[WHAT THIS TASK INVOLVES]: Using the entries below, output each line exactly from the first through the one that contains "mat) = (\<Prod>a\<leftarrow>diag_mat".

(Stored items)
━━━━━━
lemma A_alpha_regular_0:
  assumes "regular n E 0"
  shows "A_alpha \<alpha> n E = 0\<^sub>m n n"
  using assms regular_0_no_edges[OF assms] A_alpha_carrier[of \<alpha> n E]
  unfolding regular_def by (intro eq_matI) (auto simp: A_alpha_index)

lemma S_k_zero_mat: "S_k k (0\<^sub>m n n :: real mat) = 0"
proof -
  have "char_poly (0\<^sub>m n n :: real mat) = (\<Prod>a\<leftarrow>diag_mat (0\<^sub>m n n). [:- a, 1:])"
    by (rule char_poly_upper_triangular[of _ n]) (auto simp: upper_triangular_def)
  also have "diag_mat (0\<^sub>m n n :: real mat) = replicate n 0"
    by (intro nth_equalityI) (auto simp: diag_mat_def)
  finally have "eigenvalues_desc (0\<^sub>m n n :: real mat) = rev (sort (replicate n 0))"
    by (rule eigenvalues_desc_prod_linear)
  then show ?thesis unfolding S_k_def by (simp add: sum_list_replicate)
qed

definition adjacency_form :: "nat \<Rightarrow> (nat \<Rightarrow> nat \<Rightarrow> bool) \<Rightarrow> real vec \<Rightarrow> real" where
  "adjacency_form n E x = (\<Sum>p<n. \<Sum>q<n. if E p q then x $ p * x $ q else 0)"

lemma rayleigh_A_alpha:
  assumes reg: "regular n E r" and x: "x \<in> carrier_vec n" "x \<noteq> 0\<^sub>v n"
  shows "rayleigh (A_alpha \<alpha> n E) x = \<alpha> * real r + (1 - \<alpha>) * adjacency_form n E x / (x \<bullet> x)"
proof -
  have row: "(A_alpha \<alpha> n E *\<^sub>v x) $ p = \<alpha> * real r * x $ p + (1 - \<alpha>) * (\<Sum>q<n. if E p q then x $ q else 0)"
    if p: "p < n" for p
  proof -
    have "(A_alpha \<alpha> n E *\<^sub>v x) $ p = (\<Sum>q<n. A_alpha \<alpha> n E $$ (p, q) * x $ q)"
      using p x A_alpha_carrier[of \<alpha> n E] by (simp add: scalar_prod_def lessThan_atLeast0)
    also have "\<dots> = (\<Sum>q<n. (if p = q then \<alpha> * real r * x $ q else 0) + (1 - \<alpha>) * (if E p q then x $ q else 0))"
      using p reg unfolding regular_def by (intro sum.cong refl) (auto simp: A_alpha_index algebra_simps)
    finally show ?thesis using p by (simp add: sum.distrib sum_distrib_left)
  qed
  have "x \<bullet> (A_alpha \<alpha> n E *\<^sub>v x) = (\<Sum>p<n. x $ p * (A_alpha \<alpha> n E *\<^sub>v x) $ p)"
    using x A_alpha_carrier[of \<alpha> n E] by (simp add: scalar_prod_def lessThan_atLeast0)
  also have "\<dots> = \<alpha> * real r * (x \<bullet> x) + (1 - \<alpha>) * adjacency_form n E x"
    using x unfolding adjacency_form_def
    by (simp add: row algebra_simps sum.distrib sum_distrib_left scalar_prod_def lessThan_atLeast0 if_distrib
        cong: if_cong)
  finally show ?thesis
    using x conjugate_square_greater_0_vec[OF x(1)] unfolding rayleigh_def by (simp add: field_simps)
qed

(* The entry at vertex cs ! t is s t (for distinct cs); summing over positions avoids inverting nth. *)
definition vertex_vec :: "nat \<Rightarrow> nat list \<Rightarrow> (nat \<Rightarrow> real) \<Rightarrow> real vec" where
  "vertex_vec n cs s = vec n (\<lambda>p. \<Sum>t<length cs. if cs ! t = p then s t else 0)"

lemma vertex_vec_carrier [simp]: "vertex_vec n cs s \<in> carrier_vec n"
  unfolding vertex_vec_def by simp

lemma sum_vertex_vec:
  assumes cs: "set cs \<subseteq> {..<n}"
  shows "(\<Sum>p<n. vertex_vec n cs s $ p * h p) = (\<Sum>t<length cs. s t * h (cs ! t))"
proof -
  have "(\<Sum>p<n. vertex_vec n cs s $ p * h p) = (\<Sum>p<n. \<Sum>t<length cs. if cs ! t = p then s t * h p else 0)"
    unfolding vertex_vec_def by (intro sum.cong refl) (auto simp: sum_distrib_right intro!: sum.cong)
  also have "\<dots> = (\<Sum>t<length cs. \<Sum>p<n. if cs ! t = p then s t * h p else 0)"
    by (rule sum.swap)
  also have "\<dots> = (\<Sum>t<length cs. s t * h (cs ! t))"
  proof -
    have "cs ! t < n" if "t < length cs" for t using cs nth_mem[OF that] by auto
    then show ?thesis by (intro sum.cong refl) simp
  qed
  finally show ?thesis .
qed

lemma vertex_vec_scalar_prod:
  assumes "set cs \<subseteq> {..<n}" and "y \<in> carrier_vec n"
  shows "vertex_vec n cs s \<bullet> y = (\<Sum>t<length cs. s t * y $ (cs ! t))"
  using sum_vertex_vec[OF assms(1)] assms(2) by (simp add: scalar_prod_def lessThan_atLeast0)

lemma vertex_vec_nth:
  assumes cs: "set cs \<subseteq> {..<n}" and "distinct cs" and t: "t < length cs"
  shows "vertex_vec n cs s $ (cs ! t) = s t"
proof -
  have "cs ! t < n" using cs t nth_mem by fastforce
  then have "vertex_vec n cs s $ (cs ! t) = (\<Sum>t'<length cs. if cs ! t' = cs ! t then s t' else 0)"
    unfolding vertex_vec_def by simp
  also have "\<dots> = (\<Sum>t'<length cs. if t' = t then s t' else 0)"
    using assms by (intro sum.cong refl) (auto simp: nth_eq_iff_index_eq)
  finally show ?thesis using t by simp
qed

lemma vertex_vec_outside:
  assumes "p \<notin> set cs" and "p < n"
  shows "vertex_vec n cs s $ p = 0"
  using assms unfolding vertex_vec_def by (auto intro!: sum.neutral)

lemma vertex_vec_orthogonal:
  assumes "set cs \<subseteq> {..<n}" and "set cs' \<subseteq> {..<n}" and "set cs \<inter> set cs' = {}"
  shows "vertex_vec n cs s \<bullet> vertex_vec n cs' s' = 0"
proof -
  have "vertex_vec n cs' s' $ (cs ! t) = 0" if "t < length cs" for t
    using assms nth_mem[OF that] by (intro vertex_vec_outside) auto
  then show ?thesis using vertex_vec_scalar_prod[OF assms(1)] by simp
qed

lemma vertex_vec_norm:
  assumes "set cs \<subseteq> {..<n}" and "distinct cs"
  shows "vertex_vec n cs s \<bullet> vertex_vec n cs s = (\<Sum>t<length cs. s t * s t)"
  using vertex_vec_scalar_prod[OF assms(1)] vertex_vec_nth[OF assms] by simp

lemma adjacency_form_vertex_vec:
  assumes cs: "set cs \<subseteq> {..<n}"
  shows "adjacency_form n E (vertex_vec n cs s) =
    (\<Sum>t<length cs. \<Sum>t'<length cs. if E (cs ! t) (cs ! t') then s t * s t' else 0)"
proof -
  let ?x = "vertex_vec n cs s"
  have "adjacency_form n E ?x = (\<Sum>p<n. ?x $ p * (\<Sum>q<n. ?x $ q * (if E p q then 1 else 0)))"
    unfolding adjacency_form_def by (intro sum.cong refl) (auto simp: sum_distrib_left intro!: sum.cong)
  also have "\<dots> = (\<Sum>p<n. ?x $ p * (\<Sum>t'<length cs. s t' * (if E p (cs ! t') then 1 else 0)))"
    by (simp add: sum_vertex_vec[OF cs])
  also have "\<dots> = (\<Sum>t<length cs. s t * (\<Sum>t'<length cs. s t' * (if E (cs ! t) (cs ! t') then 1 else 0)))"
    by (rule sum_vertex_vec[OF cs])
  also have "\<dots> = (\<Sum>t<length cs. \<Sum>t'<length cs. if E (cs ! t) (cs ! t') then s t * s t' else 0)"
    by (intro sum.cong refl) (auto simp: sum_distrib_left intro!: sum.cong)
  finally show ?thesis .
qed

definition ones_vec :: "nat \<Rightarrow> real vec" where
  "ones_vec n = vec n (\<lambda>_. 1)"

lemma ones_vec_carrier [simp]: "ones_vec n \<in> carrier_vec n"
  unfolding ones_vec_def by simp

lemma ones_vec_vertex_vec:
  assumes "set cs \<subseteq> {..<n}"
  shows "ones_vec n \<bullet> vertex_vec n cs s = (\<Sum>t<length cs. s t)"
proof -
  have "cs ! t < n" if "t < length cs" for t using assms nth_mem[OF that] by auto
  then show ?thesis
    using comm_scalar_prod[OF ones_vec_carrier vertex_vec_carrier] vertex_vec_scalar_prod[OF assms]
    unfolding ones_vec_def by simp
qed

lemma degree_as_sum:
  assumes "p < n"
  shows "(\<Sum>q<n. if E p q then 1 else 0) = real (degree n E p)"
proof -
  have "{..<n} \<inter> {q. E p q} = {q. q < n \<and> E p q}" by auto
  then show ?thesis unfolding degree_def by (simp add: sum.If_cases)
qed

lemma rayleigh_A_alpha_ones_vec:
  assumes reg: "regular n E r" and n: "n \<ge> 1"
  shows "rayleigh (A_alpha \<alpha> n E) (ones_vec n) = real r"
proof -
  have norm: "ones_vec n \<bullet> ones_vec n = real n"
    unfolding ones_vec_def by (simp add: scalar_prod_def)
  have "adjacency_form n E (ones_vec n) = (\<Sum>p<n. \<Sum>q<n. if E p q then 1 else 0)"
    unfolding adjacency_form_def ones_vec_def by (intro sum.cong refl) auto
  also have "\<dots> = real n * real r"
    using reg degree_as_sum unfolding regular_def by simp
  finally have "adjacency_form n E (ones_vec n) = real n * real r" .
  moreover have "ones_vec n \<noteq> 0\<^sub>v n" using norm n by auto
  ultimately show ?thesis
    using rayleigh_A_alpha[OF reg] norm n by (simp add: field_simps)
qed

definition edge_vec :: "nat \<Rightarrow> nat \<Rightarrow> nat \<Rightarrow> real vec" where
  "edge_vec n a b = vertex_vec n [a, b] (\<lambda>t. if t = 0 then 1 else -1)"

lemma edge_vec_rayleigh:
  assumes G: "simple_graph n E" and reg: "regular n E r"
    and ab: "a < n" "b < n" "a \<noteq> b" "E a b"
  shows "edge_vec n a b \<noteq> 0\<^sub>v n" "ones_vec n \<bullet> edge_vec n a b = 0"
    and "rayleigh (A_alpha \<alpha> n E) (edge_vec n a b) = \<alpha> * real r - (1 - \<alpha>)"
proof -
  have cs: "set [a, b] \<subseteq> {..<n}" and d: "distinct [a, b]" using ab by auto
  have two: "{..<2::nat} = {0, 1}" by auto
  have norm: "edge_vec n a b \<bullet> edge_vec n a b = 2"
    unfolding edge_vec_def vertex_vec_norm[OF cs d] by (simp add: two)
  then show nz: "edge_vec n a b \<noteq> 0\<^sub>v n" by auto
  show "ones_vec n \<bullet> edge_vec n a b = 0"
    unfolding edge_vec_def ones_vec_vertex_vec[OF cs] by (simp add: two)
  have "E b a" "\<not> E a a" "\<not> E b b" using G ab unfolding simple_graph_def by auto
  then have "adjacency_form n E (edge_vec n a b) = -2"
    unfolding edge_vec_def adjacency_form_vertex_vec[OF cs] using ab by (simp add: two)
  then show "rayleigh (A_alpha \<alpha> n E) (edge_vec n a b) = \<alpha> * real r - (1 - \<alpha>)"
    using rayleigh_A_alpha[OF reg _ nz] norm by (simp add: edge_vec_def)
qed
lemma product_kernel_drift:
  fixes W :: "'a \<Rightarrow> real" and \<phi> :: "real \<Rightarrow> real" and \<beta> :: "'a \<Rightarrow> real"
  assumes kernel: "P \<in> M \<rightarrow>\<^sub>M prob_algebra M"
    and W_meas: "W \<in> borel_measurable M" and W_ge_1: "\<forall>x\<in>space M. 1 \<le> W x"
    and concave: "concave_on {1..} \<phi>" and "0 \<le> \<phi> 1"
    and drift: "\<forall>x\<in>space M. (\<integral>\<^sup>+ y. ennreal (W y) \<partial>P x) \<le> ennreal (W x - \<phi> (W x) + \<beta> x)"
    and x: "x \<in> space M" and x': "x' \<in> space M"
    and "0 \<le> lam" and slack: "\<beta> x + \<beta> x' \<le> (1 - lam) * (\<phi> (W x) + \<phi> (W x'))"
  shows "(\<integral>\<^sup>+ z. ennreal (W (fst z) + W (snd z) - 1) \<partial>(P x \<Otimes>\<^sub>M P x'))
    \<le> ennreal ((W x + W x' - 1) - lam * \<phi> (W x + W x' - 1))"
proof -
  define r where "r y = W y - \<phi> (W y) + \<beta> y" for y
  define R where "R = (W x + W x' - 1) - lam * \<phi> (W x + W x' - 1)"
  have r_ge_1: "1 \<le> r y" if y: "y \<in> space M" for y
  proof -
    have "ennreal 1 \<le> (\<integral>\<^sup>+ u. ennreal (W u) \<partial>P y)"
      using kernel_nn_integral_ge_const[OF kernel y W_ge_1] .
    also have "\<dots> \<le> ennreal (r y)"
      using drift y by (simp add: r_def)
    finally show ?thesis
      by (simp add: ennreal_le_iff2)
  qed
  have "\<phi> (W x + W x' - 1) \<le> \<phi> (W x) + \<phi> (W x')"
    using concave_on_shift_add_le[OF concave, of "W x" "W x'"] W_ge_1 x x' \<open>0 \<le> \<phi> 1\<close> by simp
  then have "lam * \<phi> (W x + W x' - 1) \<le> lam * (\<phi> (W x) + \<phi> (W x'))"
    using \<open>0 \<le> lam\<close> by (rule mult_left_mono)
  with slack have "r x + r x' \<le> R + 1"
    by (simp add: r_def R_def algebra_simps)
  have "(\<integral>\<^sup>+ z. ennreal (W (fst z) + W (snd z) - 1) \<partial>(P x \<Otimes>\<^sub>M P x')) + 1
      = (\<integral>\<^sup>+ u. ennreal (W u) \<partial>P x) + (\<integral>\<^sup>+ u. ennreal (W u) \<partial>P x')"
    using prob_algebra_kernelD[OF kernel x] prob_algebra_kernelD[OF kernel x'] W_meas W_ge_1
    by (intro nn_integral_pair_measure_add_minus_one)
  also have "\<dots> \<le> ennreal (r x) + ennreal (r x')"
    using drift x x' by (intro add_mono) (simp_all add: r_def)
  also have "\<dots> = ennreal (r x + r x')"
    using r_ge_1[OF x] r_ge_1[OF x'] by simp
  also have "\<dots> \<le> ennreal (R + 1)"
    using \<open>r x + r x' \<le> R + 1\<close> by (rule ennreal_leI)
  also have "\<dots> = ennreal R + 1"
    using \<open>r x + r x' \<le> R + 1\<close> r_ge_1[OF x] r_ge_1[OF x'] by simp
  finally show ?thesis
    by (simp add: R_def)
qed
(* Let $H$ be a connected graph with $n\ge2$ vertices, let $v$ be a vertex of $H$ such that every vertex of $H$ is within distance $d$ of $v$, where $d\ge2$ is an integer, and suppose each vertex of $H$ independently receives a geometrically distributed number of pebbles with parameter $(1+\alpha)^{-1}$, where $\alpha\in\mathbb R_{>0}$. Writing $k:=\lceil n^{1/d}-1\rceil$, the probability that $v$ is unpebblable is at most $$\left(\frac{e\,(2^{d-1}+k-1)}{k\,(1+\Phi(\alpha))}\right)^{k}.$$
   Context: Pebbling: a distribution on a graph assigns a nonnegative integer number of pebbles to each vertex. A pebbling move removes two pebbles from a vertex having at least two pebbles and adds one pebble to an adjacent vertex. A vertex is pebblable if some sequence of pebbling moves from the distribution ends with at least one pebble on it, and unpebblable otherwise. A geometric random variable with parameter $p$ takes value $k\in\{0,1,2,\dots\}$ with probability $p(1-p)^k$. $\Phi:\mathbb R_{\ge0}\to\mathbb R_{\ge0}$ is defined by $\Phi(\alpha):=\alpha^2/(2\alpha+1)$. *)

theory Defs
  imports "HOL-Probability.Probability"
begin

definition simple_graph :: "'a set \<Rightarrow> ('a \<Rightarrow> 'a \<Rightarrow> bool) \<Rightarrow> bool" where
  "simple_graph V E \<longleftrightarrow> finite V \<and> (\<forall>x y. E x y \<longrightarrow> x \<in> V \<and> y \<in> V)
     \<and> (\<forall>x y. E x y \<longrightarrow> E y x) \<and> (\<forall>x. \<not> E x x)"

definition connected_graph :: "'a set \<Rightarrow> ('a \<Rightarrow> 'a \<Rightarrow> bool) \<Rightarrow> bool" where
  "connected_graph V E \<longleftrightarrow> V \<noteq> {} \<and> (\<forall>x\<in>V. \<forall>y\<in>V. E\<^sup>*\<^sup>* x y)"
━━━━━━
[OUTPUT BELOW]:
lemma A_alpha_regular_0:
  assumes "regular n E 0"
  shows "A_alpha \<alpha> n E = 0\<^sub>m n n"
  using assms regular_0_no_edges[OF assms] A_alpha_carrier[of \<alpha> n E]
  unfolding regular_def by (intro eq_matI) (auto simp: A_alpha_index)

lemma S_k_zero_mat: "S_k k (0\<^sub>m n n :: real mat) = 0"
proof -
  have "char_poly (0\<^sub>m n n :: real mat) = (\<Prod>a\<leftarrow>diag_mat (0\<^sub>m n n). [:- a, 1:])"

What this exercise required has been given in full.